Wedding Fever

Dating post-college should be viewed the same as your work experience post-college. No matter how much experience you think you had prior to graduating, employers view you as a clean slate the minute you receive that diploma. Just because I was at my current place of employment for two years before graduating, I am still considered to have only a year of experience in my field (and not three, which you’d think I should have) because I have only been working there a year since graduation. That, my friends, is exactly how dating in our generation needs to be viewed.

If you’re dating the same guy you’ve been with all throughout college, post-graduation should be considered the true beginning of your relationship. Besides the insane statistics out there about getting married before the age of 23 (check out the last chart in this report by the Bureau of Labor Statistics if you think I’m blowing smoke up your ass), combined with the already unbelievably high divorce rate in general… I don’t know why anyone would want to rush into marriage so soon anyway.

I see so many girls give their boyfriends ultimatums, because, let’s say, they have been dating for 4+ years and, since both are now college graduates, the next logical step is engagement. Anything else would be a waste of time in these girls’ eyes. And the guys give in, because even though they do not want to get married, they don’t actually want to lose the girl either. Reality check, ladies: no one wins when you present an ultimatum.

But, as the story goes, the hints are dropped, and if the guy doesn’t reciprocate, the ultimatum is given. And he gets the ring, probably plans a really cute way to ask too. It will be an amazing story to tell all of your friends. Then it begins: from that point on it becomes all about the female. It starts with her ring, her engagement party, and then goes to her wedding registry, her bridal shower, her color scheme, her grand plans, her perfect wedding day. All the focus seems to be concentrated on one day, for a commitment that will (hopefully) last a lifetime.

When I was younger, I used to feel really bad for my mom. Her and my dad got married in my grandparent’s house, with a few witnesses and a justice of the peace. She couldn’t get married to him in a church because it was my dad’s second marriage, and back then churches were dicks about things like that.

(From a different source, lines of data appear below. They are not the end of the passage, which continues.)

(* Let $({\cal A},{\cal A}_0)$ be a locally convex quasi *-algebra with identity and topology $\tau$, let $\omega_0$ be a positive linear functional on ${\cal A}_0$ with $\omega_0(a^*a)\le p(a)^2$ for all $a\in{\cal A}_0$ for some $\tau$-continuous seminorm $p$, and let $\omega=\tilde\omega_0$ be its continuous extension to ${\cal A}$, with GNS construction $(\pi_\omega,\lambda_\omega,{\cal H}_\omega)$. If $x\in{\cal A}$ and $\{x_\alpha\}\subset{\cal A}_0$ is a net with $\tau$-$\lim_\alpha x_\alpha=x$, then $\lambda_\omega(x_\alpha)=\lambda_{\omega_0}(x_\alpha)\to\lambda_\omega(x)$ in ${\cal H}_\omega$.
   Context: A locally convex quasi *-algebra $({\cal A},{\cal A}_0)$: ${\cal A}_0$ is a *-algebra with a locally convex topology $\tau$ making the involution and the multiplications $a\mapsto ab$, $a\mapsto ba$ ($b\in{\cal A}_0$) continuous, ${\cal A}$ is the $\tau$-completion, with the involution and the products $ax,xa$ ($a\in{\cal A}$, $x\in{\cal A}_0$) extended by continuity. The functional $\omega$ is representable, and its GNS construction consists of a Hilbert space ${\cal H}_\omega$, a linear map $\lambda_\omega:{\cal A}\to{\cal H}_\omega$ with $\lambda_\omega({\cal A}_0)$ dense and $\langle\lambda_\omega(x),\lambda_\omega(a)\rangle=\omega(a^*x)$ for $x\in{\cal A}$, $a\in{\cal A}_0$, and a *-representation $\pi_\omega$ with domain $\lambda_\omega({\cal A}_0)$ satisfying $\pi_\omega(x)\lambda_\omega(a)=\lambda_\omega(xa)$; $\lambda_{\omega_0}$ denotes the GNS map of $\omega_0$ on ${\cal A}_0$, which coincides with $\lambda_\omega$ on ${\cal A}_0$. *)

theory Defs
  imports "HOL-Analysis.Analysis"
begin
lemma bop_comp: "bop S \<Longrightarrow> bop T \<Longrightarrow> bop (S \<circ> T)"
  unfolding bop_def by (auto simp: comp_def intro: bounded_linear_compose)

lemma bop_norm_bound: "bop T \<Longrightarrow> \<exists>K>0. \<forall>x. norm (T x) \<le> norm x * K"
  unfolding bop_def using bounded_linear.pos_bounded by blast

definition selfadjoint_op :: "('a::chilbert_space \<Rightarrow> 'a) \<Rightarrow> bool" where
  "selfadjoint_op T \<longleftrightarrow> bop T \<and> (\<forall>x y. cinner x (T y) = cinner (T x) y)"

lemma selfadjoint_op_diff:
  "selfadjoint_op S \<Longrightarrow> selfadjoint_op T \<Longrightarrow> selfadjoint_op (\<lambda>x. S x - T x)"
  unfolding selfadjoint_op_def by (simp add: bop_diff cinner_diff_left cinner_diff_right)

lemma selfadjoint_op_scaleR: "selfadjoint_op T \<Longrightarrow> selfadjoint_op (\<lambda>x. scaleR r (T x))"
  unfolding selfadjoint_op_def by (simp add: bop_scaleR cinner_scaleR_left cinner_scaleR_right)

lemma positive_op_bop: "positive_op T \<Longrightarrow> bop T"
  by (simp add: positive_op_def)

lemma positive_op_iff:
  "positive_op T \<longleftrightarrow> bop T \<and> (\<forall>x. Im (cinner x (T x)) = 0 \<and> 0 \<le> Re (cinner x (T x)))"
  unfolding positive_op_def less_eq_complex_def by auto

lemma positive_op_cinner_real:
  "positive_op T \<Longrightarrow> cinner x (T x) = complex_of_real (Re (cinner x (T x)))"
  unfolding positive_op_iff by (simp add: complex_eq_iff)
lemma Cbar_outer:
  fixes m \<tau> :: nat
  assumes "2 * \<tau> \<le> m"
  shows "Cbar m (2 * \<tau>) m =
           2 * sqrt (2 / pi) * ((real \<tau> + 1)^2 * (real m - real \<tau> + 1) * (real m + real \<tau> + 3))
           / ((real m + 1) * (real m + 3) * sqrt (4 * real \<tau> * (real \<tau> + 2) + 3))"
proof -
  have "Cbar m (2 * \<tau>) m = Cbar (2 * \<tau>) m (2 * \<tau> + m - 2 * \<tau>)"
    by (simp add: Cbar_commute_left)
  moreover have "(real \<tau> + 1) * (real (2 * \<tau>) - real \<tau> + 1) * (real m - real \<tau> + 1) * (real (2 * \<tau>) + real m - real \<tau> + 3)
      = (real \<tau> + 1)^2 * (real m - real \<tau> + 1) * (real m + real \<tau> + 3)"
    by (simp add: power2_eq_square algebra_simps)
  moreover have "sqrt ((real (2 * \<tau>) + 1) * (real (2 * \<tau>) + 3) * (real m + 1) * (real m + 3) * (real (2 * \<tau> + m - 2 * \<tau>) + 1) * (real (2 * \<tau> + m - 2 * \<tau>) + 3))
      = (real m + 1) * (real m + 3) * sqrt (4 * real \<tau> * (real \<tau> + 2) + 3)"
    using sqrt_square_mult[of "(real m + 1) * (real m + 3)" "4 * real \<tau> * (real \<tau> + 2) + 3"]
    by (simp add: algebra_simps)
  ultimately show ?thesis
    using Cbar_triple_closed_form[OF assms, of \<tau>] by simp
qed

lemma Cbar_off_diagonal:
  fixes \<gamma> \<tau> m :: nat
  assumes "\<tau> \<le> \<gamma>" "\<gamma> \<le> m"
  shows "Cbar \<gamma> (2 * \<tau> + m - \<gamma>) m =
           2 * sqrt (2 / pi) * ((real \<tau> + 1) * (real \<gamma> - real \<tau> + 1) * (real m + real \<tau> + 3)
                                * (- real \<gamma> + real m + real \<tau> + 1))
           / sqrt ((real \<gamma> + 1) * (real \<gamma> + 3) * (real m + 1) * (real m + 3)
                   * (- real \<gamma> + real m + 2 * real \<tau> + 1) * (- real \<gamma> + real m + 2 * real \<tau> + 3))"
proof -
  have "\<gamma> + m - 2 * (\<gamma> - \<tau>) = 2 * \<tau> + m - \<gamma>"
    using assms by simp
  then have "Cbar \<gamma> (2 * \<tau> + m - \<gamma>) m = Cbar \<gamma> m (\<gamma> + m - 2 * (\<gamma> - \<tau>))"
    by (metis Cbar_commute_right)
  moreover have "(real (\<gamma> - \<tau>) + 1) * (real \<gamma> - real (\<gamma> - \<tau>) + 1) * (real m - real (\<gamma> - \<tau>) + 1)
      * (real \<gamma> + real m - real (\<gamma> - \<tau>) + 3)
      = (real \<tau> + 1) * (real \<gamma> - real \<tau> + 1) * (real m + real \<tau> + 3) * (- real \<gamma> + real m + real \<tau> + 1)"
    using assms by (simp add: of_nat_diff algebra_simps)
  moreover have "real (\<gamma> + m - 2 * (\<gamma> - \<tau>)) = - real \<gamma> + real m + 2 * real \<tau>"
    using assms by (simp add: of_nat_diff)
  ultimately show ?thesis
    using Cbar_triple_closed_form[OF assms(2) diff_le_self, of \<tau>] by (simp only: mult.assoc)
qed

theorem lemma5p9:
  fixes \<gamma> \<tau> m :: nat
  assumes "\<tau> \<le> \<gamma>" and "m \<ge> 2 * \<gamma> + 1"
  shows "(Cbar \<gamma> \<gamma> (2 * \<tau>) =
           2 * sqrt (2 / pi) * ((real \<tau> + 1)^2 * (real \<gamma> - real \<tau> + 1) * (real \<gamma> + real \<tau> + 3))
           / ((real \<gamma> + 1) * (real \<gamma> + 3) * sqrt (4 * real \<tau> * (real \<tau> + 2) + 3))) \<and>
         (Cbar m (2 * \<tau>) m =
           2 * sqrt (2 / pi) * ((real \<tau> + 1)^2 * (real m - real \<tau> + 1) * (real m + real \<tau> + 3))
           / ((real m + 1) * (real m + 3) * sqrt (4 * real \<tau> * (real \<tau> + 2) + 3))) \<and>
         (Cbar \<gamma> (2 * \<tau> + m - \<gamma>) m =
           2 * sqrt (2 / pi) * ((real \<tau> + 1) * (real \<gamma> - real \<tau> + 1) * (real m + real \<tau> + 3)
                                * (- real \<gamma> + real m + real \<tau> + 1))
           / sqrt ((real \<gamma> + 1) * (real \<gamma> + 3) * (real m + 1) * (real m + 3)
                   * (- real \<gamma> + real m + 2 * real \<tau> + 1) * (- real \<gamma> + real m + 2 * real \<tau> + 3)))"
  using Cbar_diagonal[OF assms(1)] Cbar_outer[of \<tau> m] Cbar_off_diagonal[OF assms(1), of m] assms
  by simp

end
lemma measure_UN_rat_nbhds_le:
  fixes S :: "(int \<times> nat) set"
  assumes "0 \<le> \<gamma>" "1 < \<tau>" "1 < Q"
    and S: "\<And>p q. (p, q) \<in> S \<Longrightarrow> real_of_int p / real q \<in> {0..1} \<and> Q \<le> q"
  shows "measure lborel (\<Union>(p, q)\<in>S. rat_nbhd \<gamma> \<tau> p q) \<le> 4 * \<gamma> * (real Q - 1) powr (1 - \<tau>) / (\<tau> - 1)"
proof -
  note finite_bound = measure_UN_denom_nbhds_le[OF assms(1-3)]
  have "open (rat_nbhd \<gamma> \<tau> p q)" for p q
    by (simp add: rat_nbhd_def)
  then have S_sets: "(\<Union>(p, q)\<in>S. rat_nbhd \<gamma> \<tau> p q) \<in> sets lborel"
    unfolding sets_lborel by (intro borel_open open_UN) (simp add: split_beta)
  have "(\<Union>(p, q)\<in>S. rat_nbhd \<gamma> \<tau> p q) \<subseteq> (\<Union>q\<in>{Q..}. denom_nbhds \<gamma> \<tau> q)"
  proof (rule UN_least)
    fix i assume "i \<in> S"
    then obtain p q where i: "i = (p, q)" and pq: "real_of_int p / real q \<in> {0..1}" and q: "q \<in> {Q..}"
      using S by (cases i) auto
    then have "0 < real q"
      using assms(3) by simp
    with pq have "p \<in> {0..int q}"
      by (simp add: zero_le_divide_iff divide_le_eq_1)
    with q show "(case i of (p, q) \<Rightarrow> rat_nbhd \<gamma> \<tau> p q) \<subseteq> (\<Union>q\<in>{Q..}. denom_nbhds \<gamma> \<tau> q)"
      unfolding denom_nbhds_def i by blast
  qed
  moreover have "(\<Union>q\<in>{Q..}. denom_nbhds \<gamma> \<tau> q) \<in> fmeasurable lborel"
    by (rule fmeasurable_UN_bound[OF countableI_type denom_nbhds_fmeasurable finite_bound])
  ultimately have "measure lborel (\<Union>(p, q)\<in>S. rat_nbhd \<gamma> \<tau> p q)
      \<le> measure lborel (\<Union>q\<in>{Q..}. denom_nbhds \<gamma> \<tau> q)"
    by (rule measure_mono_fmeasurable[OF _ S_sets])
  also have "\<dots> \<le> 4 * \<gamma> * (real Q - 1) powr (1 - \<tau>) / (\<tau> - 1)"
    by (rule measure_UN_bound[OF countableI_type denom_nbhds_fmeasurable finite_bound])
  finally show ?thesis .
qed
section \<open>The matrix exponential\<close>

lemma matpow_commute:
  assumes "P ** M = M ** P"
  shows "P ** matpow M k = matpow M k ** P"
proof (induction k)
  case (Suc k)
  then show ?case by (metis assms matpow.simps(2) matrix_mul_assoc)
qed simp

lemma matpow_entry_bound:
  fixes M :: "real^'m^'m"
  assumes "\<And>i j. \<bar>M$i$j\<bar> \<le> c"
  shows "\<bar>matpow M k $ i $ j\<bar> \<le> (real CARD('m) * c)^k"
proof (induction k arbitrary: i j)
  case 0
  then show ?case by (simp add: mat_def)
next
  case (Suc k)
  have "0 \<le> c" using assms[of i i] by linarith
  have "\<bar>matpow M (Suc k) $ i $ j\<bar> \<le> (\<Sum>l\<in>UNIV. \<bar>M$i$l\<bar> * \<bar>matpow M k $ l $ j\<bar>)"
    by (simp add: matrix_matrix_mult_def sum_abs flip: abs_mult)
  also have "\<dots> \<le> (\<Sum>l\<in>(UNIV::'m set). c * (real CARD('m) * c)^k)"
    by (intro sum_mono mult_mono) (use assms Suc \<open>0 \<le> c\<close> in auto)
  also have "\<dots> = (real CARD('m) * c)^Suc k" by simp
  finally show ?case .
qed

lemma norm_matrix_le_sum_abs: "norm (M :: real^'n^'m) \<le> (\<Sum>i\<in>UNIV. \<Sum>j\<in>UNIV. \<bar>M$i$j\<bar>)"
proof -
  have "norm M \<le> (\<Sum>i\<in>UNIV. norm (M$i))"
    unfolding norm_vec_def by (rule L2_set_le_sum) simp
  also have "\<dots> \<le> (\<Sum>i\<in>UNIV. \<Sum>j\<in>UNIV. \<bar>M$i$j\<bar>)"
    by (intro sum_mono norm_le_l1_cart)
  finally show ?thesis .
qed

And even though it was my dad’s second marriage, it was my mom’s first… but she never got to have her fairytale wedding. Now I’m starting to realize that may not be such a bad idea after all, when all is said and done. Our generation puts so much emphasis on the engagement and the wedding day rather than the actual marriage– the actual commitment of spending the rest of your life with another person is lost in a sea of flowers, dresses, menus and venues.

Honestly, this is the ultimate Post-Grad Problem.